Instead of using FixedBitNotation for encoding and decoding hexadecimal (like the binary example above), consider using
bin2hex() and
pack() instead; they're about 20 times faster:
<?php
$encoded = bin2hex('encode this'); // 656e636f64652074686973
$decoded = pack('H*', $encoded); // encode this
?>
Finally, please understand that this is not encryption. Do not use this class to secure your data.

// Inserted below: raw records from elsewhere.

lemma card_branch_families:
  fixes I :: "'a set set"
  assumes "finite I" "3 \<le> r"
    and "\<And>j (f :: 'a set) U. j \<le> n \<Longrightarrow> card f = 2 \<Longrightarrow> f \<subseteq> U \<Longrightarrow> finite U \<Longrightarrow> card U = (r - 2) * j + 2
      \<Longrightarrow> card {T. twg r f T j \<and> \<Union>T = U} * fact (r - 2) ^ j = fact ((r - 2) * j) * raney m 1 j"
    and "\<And>g. g \<in> I \<Longrightarrow> card g = 2 \<and> g \<inter> W = {}" "finite W" "card W = (r - 2) * n"
  shows "finite (branch_families r I W) \<and>
    card (branch_families r I W) * fact (r - 2) ^ n = fact ((r - 2) * n) * raney m (card I) n"
  using assms(1,3-)
proof (induction I arbitrary: W n rule: finite_induct)
  case empty
  show ?case
  proof (cases "W = {}")
    case True
    then have "n = 0"
      using empty.prems(4) assms(2) by simp
    then show ?thesis
      using True by (simp add: branch_families_empty)
  next
    case False
    then have "card W \<noteq> 0"
      using empty.prems(3) by simp
    then have "n \<noteq> 0"
      using empty.prems(4) by auto
    then show ?thesis
      using False by (simp add: branch_families_empty)
  qed
next
  case (insert f I)
  let ?s = "r - 2"
  define B where "B j = {S. S \<subseteq> W \<and> card S = ?s * j}" for j
  define A where "A j S = {T. tight_twg r f T j \<and> \<Union>T = f \<union> S}" for j S
  define piece where "piece = (\<lambda>(j, S). (\<lambda>(T, Tb). Tb(f := T)) ` (A j S \<times> branch_families r I (W - S)))"
  have f: "card f = 2" "f \<inter> W = {}"
    using insert.prems(2)[of f] by simp_all
  then have "finite f"
    by (intro card_ge_0_finite) simp
  have split: "branch_families r (insert f I) W = (\<Union>p\<in>Sigma {..n} B. piece p)"
    unfolding B_def A_def piece_def
    using branch_families_insert[OF insert.hyps(2) f(1,2) assms(2) insert.prems(3,4)] by simp
  have finite_index: "finite (Sigma {..n} B)"
    unfolding B_def using insert.prems(3) by (intro finite_SigmaI) auto
  have card_piece: "finite (piece (j, S)) \<and> card (piece (j, S)) * fact ?s ^ n
      = fact (?s * j) * raney m 1 j * (fact (?s * (n - j)) * raney m (card I) (n - j))"
    if "(j, S) \<in> Sigma {..n} B" for j S
  proof -
    have jS: "j \<le> n" "S \<subseteq> W" "card S = ?s * j"
      using that unfolding B_def by auto
    have "finite S"
      using jS(2) insert.prems(3) by (rule finite_subset)
    moreover have "f \<inter> S = {}"
      using f(2) jS(2) by blast
    ultimately have card_fS: "card (f \<union> S) = ?s * j + 2"
      using card_Un_disjoint[OF \<open>finite f\<close>] f(1) jS(3) by simp
    have "A j S \<subseteq> Pow (Pow (f \<union> S))"
      unfolding A_def by blast
    then have "finite (A j S)"
      by (rule finite_subset) (use \<open>finite f\<close> \<open>finite S\<close> in simp)
    moreover have "A j S = {T. twg r f T j \<and> \<Union>T = f \<union> S}"
      using card_fS unfolding A_def tight_twg_def by auto
    then have "card (A j S) * fact ?s ^ j = fact (?s * j) * raney m 1 j"
      using insert.prems(1)[of j f "f \<union> S"] jS(1) f(1) \<open>finite f\<close> \<open>finite S\<close> card_fS by simp
    ultimately have A: "finite (A j S)" "card (A j S) * fact ?s ^ j = fact (?s * j) * raney m 1 j"
      by blast+
    have card_WS: "card (W - S) = ?s * (n - j)"
      using card_Diff_subset[OF \<open>finite S\<close> jS(2)] insert.prems(4) jS(3) by (simp add: diff_mult_distrib2)
    have "finite (branch_families r I (W - S)) \<and>
      card (branch_families r I (W - S)) * fact ?s ^ (n - j) = fact (?s * (n - j)) * raney m (card I) (n - j)"
    proof (rule insert.IH)
      fix j' and f' U :: "'a set"
      assume "j' \<le> n - j" "card f' = 2" "f' \<subseteq> U" "finite U" "card U = ?s * j' + 2"
      then show "card {T. twg r f' T j' \<and> \<Union>T = U} * fact ?s ^ j' = fact (?s * j') * raney m 1 j'"
        using insert.prems(1) by simp
    next
      show "card g = 2 \<and> g \<inter> (W - S) = {}" if "g \<in> I" for g
        using insert.prems(2)[of g] that by auto
    qed (use insert.prems(3) card_WS in simp_all)
    then have F: "finite (branch_families r I (W - S))"
      "card (branch_families r I (W - S)) * fact ?s ^ (n - j) = fact (?s * (n - j)) * raney m (card I) (n - j)"
      by blast+
    have card: "card (piece (j, S)) = card (A j S) * card (branch_families r I (W - S))"
      unfolding piece_def
      by (simp add: card_fun_upd_image[OF A(1) F(1) branch_familiesD(1)] insert.hyps(2))
    have "fact ?s ^ n = (fact ?s ^ j :: nat) * fact ?s ^ (n - j)"
      using jS(1) by (simp flip: power_add)
    then show ?thesis
      using A F card unfolding piece_def by (simp add: ac_simps)
  qed
  have private_f: "\<Union>(Tb f) - f = S" if "Tb \<in> piece (j, S)" "(j, S) \<in> Sigma {..n} B" for Tb j S
    using that f(2) unfolding piece_def A_def B_def by auto
  have disjoint: "piece p \<inter> piece q = {}" if "p \<in> Sigma {..n} B" "q \<in> Sigma {..n} B" "p \<noteq> q" for p q
  proof (rule ccontr)
    obtain j S j' S' where pq: "p = (j, S)" "q = (j', S')"
      by fastforce
    assume "piece p \<inter> piece q \<noteq> {}"
    then have "S = S'"
      using private_f that pq by blast
    moreover have "card S = ?s * j" "card S' = ?s * j'"
      using that pq unfolding B_def by auto
    ultimately have "j = j'"
      using assms(2) by simp
    with \<open>S = S'\<close> that(3) pq show False
      by simp
  qed
  have "card (branch_families r (insert f I) W) = (\<Sum>p\<in>Sigma {..n} B. card (piece p))"
    unfolding split using finite_index card_piece disjoint by (intro card_UN_disjoint) auto
  then have "card (branch_families r (insert f I) W) * fact ?s ^ n
      = (\<Sum>p\<in>Sigma {..n} B. card (piece p) * fact ?s ^ n)"
    by (simp add: sum_distrib_right)
  also have "\<dots> = (\<Sum>(j, S)\<in>Sigma {..n} B.
      fact (?s * j) * raney m 1 j * (fact (?s * (n - j)) * raney m (card I) (n - j)))"
    using card_piece by (intro sum.cong) auto
  also have "\<dots> = (\<Sum>j\<le>n. \<Sum>S\<in>B j. fact (?s * j) * raney m 1 j * (fact (?s * (n - j)) * raney m (card I) (n - j)))"
    using insert.prems(3) by (subst sum.Sigma) (auto simp: B_def)
  also have "\<dots> = (\<Sum>j\<le>n. fact (?s * n) * (raney m 1 j * raney m (card I) (n - j)))"
  proof (rule sum.cong)
    fix j assume "j \<in> {..n}"
    then have "card (B j) * fact (?s * j) * fact (?s * (n - j)) = fact (?s * n)"
      unfolding B_def using card_subsets_times_fact insert.prems(3,4) by simp
    then show "(\<Sum>S\<in>B j. fact (?s * j) * raney m 1 j * (fact (?s * (n - j)) * raney m (card I) (n - j)))
        = fact (?s * n) * (raney m 1 j * raney m (card I) (n - j))"
      by (simp add: ac_simps)
  qed simp
  also have "\<dots> = fact (?s * n) * raney m (card (insert f I)) n"
    using raney_add[of m 1 "card I" n] insert.hyps by (simp add: sum_distrib_left)
  finally show ?case
    using split finite_index card_piece by auto
qed

lemma branch_family_glue:
  assumes r: "3 \<le> r" and H: "finite H" "card H = r" "e \<in> clique_edges H" "H \<subseteq> V"
    and V: "finite V" "card V = (r - 2) * k + 2"
    and Tb: "Tb \<in> branch_families r (clique_edges H - {e}) (V - H)"
  shows "root_decomposition e H Tb" "twg r e (\<Union>g\<in>clique_edges H - {e}. Tb g) k"
    "\<Union>(\<Union>g\<in>clique_edges H - {e}. Tb g) = V"
proof -
  let ?I = "clique_edges H - {e}"
  note F = branch_familiesD[OF Tb]
  obtain kb where kb: "\<And>g. g \<in> ?I \<Longrightarrow> tight_twg r g (Tb g) (kb g)"
    using F(2) by metis
  have branch: "twg r g (Tb g) (kb g)" "card (\<Union>(Tb g)) = (r - 2) * kb g + 2" if "g \<in> ?I" for g
    using kb[OF that] unfolding tight_twg_def by blast+
  have edge: "g \<subseteq> \<Union>(Tb g)" "g \<subseteq> H" "card g = 2" if "g \<in> ?I" for g
    using twg_edge_subset[OF branch(1)[OF that] r] that by (auto simp: clique_edges_iff)
  have meets_root: "\<Union>(Tb g) \<inter> H = g" if "g \<in> ?I" for g
    using F(3)[OF that] edge[OF that] by blast
  have disjoint: "\<Union>(Tb g) \<inter> \<Union>(Tb g') \<subseteq> H" if "g \<in> ?I" "g' \<in> ?I" "g \<noteq> g'" for g g'
    using F(4)[OF that] edge(2)[OF that(1)] edge(2)[OF that(2)] by blast
  show "root_decomposition e H Tb"
  proof
    fix g assume g: "g \<in> ?I"
    show "\<Union>(Tb g) \<inter> H = g"
      by (rule meets_root[OF g])
    show "card h = 2" if "h \<in> Tb g" for h
      using twg_edges[OF branch(1)[OF g]] that by blast
    show "attached g (Tb g)"
      by (rule tight_twg_attached[OF kb[OF g] r])
    show "\<Union>(Tb g) = g \<Longrightarrow> Tb g = {g}"
      by (rule tight_twg_trivial[OF kb[OF g] r])
  qed (use H r disjoint in auto)
  have new: "card (\<Union>(Tb g) - g) = (r - 2) * kb g" if "g \<in> ?I" for g
    using branch(2)[OF that] edge[OF that] card_Diff_subset[of g "\<Union>(Tb g)"]
    by (simp add: card_ge_0_finite)
  have "card (V - H) = (\<Sum>g\<in>?I. card (\<Union>(Tb g) - g))"
    unfolding F(5)[symmetric]
  proof (rule card_UN_disjoint)
    show "finite ?I"
      using H(1) by (simp add: finite_clique_edges)
    show "\<forall>g\<in>?I. finite (\<Union>(Tb g) - g)"
      using twg_finite_vertices[OF branch(1)] by blast
    show "\<forall>g\<in>?I. \<forall>g'\<in>?I. g \<noteq> g' \<longrightarrow> (\<Union>(Tb g) - g) \<inter> (\<Union>(Tb g') - g') = {}"
      using F(4) by blast
  qed
  also have "\<dots> = (r - 2) * sum kb ?I"
    using new by (simp add: sum_distrib_left)
  finally have sum_kb: "card (V - H) = (r - 2) * sum kb ?I" .
  have "r \<le> card V"
    using card_mono[OF V(1) H(4)] H(2) by simp
  then have "k \<ge> 1"
    using V(2) r by (cases k) auto
  then have "card V - r = (r - 2) * (k - 1)"
    using V(2) r by (cases k) (auto simp: algebra_simps)
  moreover have "card (V - H) = card V - r"
    using card_Diff_subset[OF finite_subset[OF H(4) V(1)] H(4)] H(2) by simp
  ultimately have "sum kb ?I = k - 1"
    using sum_kb r by simp
  then have k: "k = 1 + sum kb ?I"
    using \<open>k \<ge> 1\<close> by simp
  show "twg r e (\<Union>g\<in>?I. Tb g) k"
    unfolding k using H(1-3) branch(1) disjoint by (intro twg.step) auto
  show "\<Union>(\<Union>g\<in>?I. Tb g) = V"
  proof
    show "\<Union>(\<Union>g\<in>?I. Tb g) \<subseteq> V"
    proof
      fix x assume "x \<in> \<Union>(\<Union>g\<in>?I. Tb g)"
      then obtain g where g: "g \<in> ?I" "x \<in> \<Union>(Tb g)"
        by blast
      then show "x \<in> V"
        using F(3)[OF g(1)] edge(2)[OF g(1)] H(4) by blast
    qed
    have "H \<subseteq> \<Union>(\<Union>g\<in>?I. Tb g)"
      by (rule clique_subset_branches[OF H(1) _ H(3) edge(1)]) (use H(2) r in simp_all)
    moreover have "V - H \<subseteq> \<Union>(\<Union>g\<in>?I. Tb g)"
      using F(5) by blast
    ultimately show "V \<subseteq> \<Union>(\<Union>g\<in>?I. Tb g)"
      by blast
  qed
qed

Handling whitespaceVariations of some content transfer encoding schemes specify a fixed or maximum line length. To add line endings to your encoded output, you can use
chunk_split() or
wordwrap(). To handle whitespace with decode(), you can simply set $strict to FALSE (the default) to ignore all characters that are not part of the base alphabet. But if you want to set $strict to TRUE, you can use
str_replace() on the encoded string before trying to decode:
<?php
// Remove line breaks from encoded data before decoding
$encoded = str_replace(array("\r", "\n"), '', $encoded);
$decoded = $fbnInstance->decode($encoded, TRUE, TRUE);
?>
<?php
// Remove whitespace from encoded data before decoding
$encoded = str_replace(array(" ", "\t", "\r", "\n", "\0", "\x0B"), '', $encoded);
$decoded = $fbnInstance->decode($encoded, TRUE, TRUE);
?>